Node.sub.N represents a node in InfiniBand architecture subnet 300.
In the embodiment shown, each node is ranked from highest priority
value 316 to lowest priority value 318.
[0040] In the event that, for example and without limitation,
priority value 308 of first node 302 is identical to priority value
307 of second node 304, an identical priority value set 317 can be
created that includes first node 302 and second node 304. In an
embodiment, an identical priority value set 317 can be created for
each group of nodes that have identical priority values. In an
embodiment, each identical priority value set 317 can be further
ranked from a lowest globally unique identifier 320 to a highest
globally unique identifier 322 in globally unique identifier
ranking set 314.
[0041] In an embodiment, set of standby subnet managers 328 can be
selected based on the priority value and the globally unique
identifier of each of the plurality of nodes in InfiniBand
architecture subnet 300. For example, and without limitation, a
limit value 329 can be placed on the quantity of subnet managers in
InfiniBand architecture subnet 300 that can be selected to be in
set of standby subnet managers 328. If the number of active subnet
managers in InfiniBand architecture subnet 300 is greater than the
limit value 329, then set of standby subnet managers 328 can be
selected based on the priority value and, if necessary, the
globally unique identifier of each of the plurality of nodes in
InfiniBand architecture subnet 300. In this embodiment, any subnet
managers that are not included in set of standby subnet managers
can be made inactive. The deactivation can either be local or
controlled by the master subnet manager function. If there are
fewer active subnet managers in InfiniBand architecture subnet 300
than limit value 329, then additional subnet managers can be made
active (if available on the subnet) and included in set of standby
subnet managers 328. Reactivation can be accomplished either using
the master subnet manager function over InfiniBand architecture
subnet 300 or out of band over a communication means other than
InfiniBand architecture subnet 300. In an embodiment, both
deactivation and reactivation of subnet managers can be
accomplished using standard InfiniBand architecture mechanisms.

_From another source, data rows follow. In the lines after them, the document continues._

(* Let $E$ be a separable metric space with distance $d$, $m$ a probability measure on $E$ with full support, and for each $N\ge1$ let $E_N\subset E$, let $m_N$ be a probability measure on $E_N$ with $m_N\to m$ weakly, and let $\pi_N:E\to E_N$ be a map with $d(x,\pi_N(x))=\inf_{y\in E_N}d(x,y)$ for all $x\in E$. Let $F_N:E_N\to\mathbb R$, $N\ge1$, satisfy $\sup_N\|F_N\|_\infty<\infty$ and $\omega(\delta):=\sup_{N\ge1}\sup\{|F_N(x)-F_N(y)|:x,y\in E_N,\,d(x,y)\le\delta\}\to0$ as $\delta\downarrow0$. Then there exist a bounded uniformly continuous $F:E\to\mathbb R$ and a subsequence $(N_j)_{j\ge1}$ such that: (1) for every compact $J\subset E$, $\sup_{x\in J\cap E_{N_j}}|F(x)-F_{N_j}(x)|\to0$ as $j\to\infty$; (2) $F_{N_j}(\pi_{N_j}x)\to F(x)$ for all $x\in E$. *)

theory Defs
  imports "HOL-Analysis.Analysis" "HOL-Probability.Probability"
begin

text \<open>A measure on a subset is integrated against the restriction of f.\<close>
definition weak_conv_on :: "(nat \<Rightarrow> 'a::metric_space measure) \<Rightarrow> 'a measure \<Rightarrow> bool" where
  "weak_conv_on M m \<longleftrightarrow>
     (\<forall>f :: 'a \<Rightarrow> real. continuous_on UNIV f \<and> bounded (range f) \<longrightarrow>
        (\<lambda>N. integral\<^sup>L (M N) f) \<longlonglongrightarrow> integral\<^sup>L m f)"

definition unif_modulus :: "(nat \<Rightarrow> 'a::metric_space set) \<Rightarrow> (nat \<Rightarrow> 'a \<Rightarrow> real) \<Rightarrow> real \<Rightarrow> real" where
  "unif_modulus E F \<delta> =
     (SUP N. SUP p \<in> {(x, y). x \<in> E N \<and> y \<in> E N \<and> dist x y \<le> \<delta>}. \<bar>F N (fst p) - F N (snd p)\<bar>)"

end

theory Submission
  imports Defs "HOL-Library.Diagonal_Subsequence"
begin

[0042] In an embodiment, subnet managers can be selected to be one
of set of standby subnet managers 328 by selecting the subnet
manager from each of the plurality of nodes with a highest set of
priority values 324. The highest set of priority values 324 can
include nodes and respective subnet managers, up to the limit value
329, having the highest priority values in priority value ranking
set 312. If, for example, all of priority values in highest set of
priority values 324 up to limit value 329 are unique, then each
subnet manager and corresponding node can be included in set of
standby subnet managers 328. In this embodiment, GUID of any of the
subnet managers do not need to be ranked.
[0043] In another embodiment, if, highest set of priority values
324 includes identical priority value set 317, where all of nodes
in identical priority value set 317 can be included in highest set
of priority values 324 and set of standby subnet managers 328
without exceeding limit value 329, then no further ranking of
identical priority value set 317 is necessary. In this case, each
subnet manager and corresponding node in identical priority value
set 317 can be included in set of standby subnet managers 328.
[0044] In still another embodiment, highest set of priority values
324 can include an identical priority value set 317 that has a
priority value and a number of nodes such that all of the nodes in
identical priority value set 317 cannot be included in highest set
of priority values 324 without violating limit value 329 (i.e. a
priority value of identical priority value set 317 is at the
cut-off point for highest set of priority values 324). In this
embodiment, subnet managers and corresponding nodes in identical
priority value set 317 can be further ranked from lowest GUID 320
to highest GUID 322 in globally unique identifier ranking set 314.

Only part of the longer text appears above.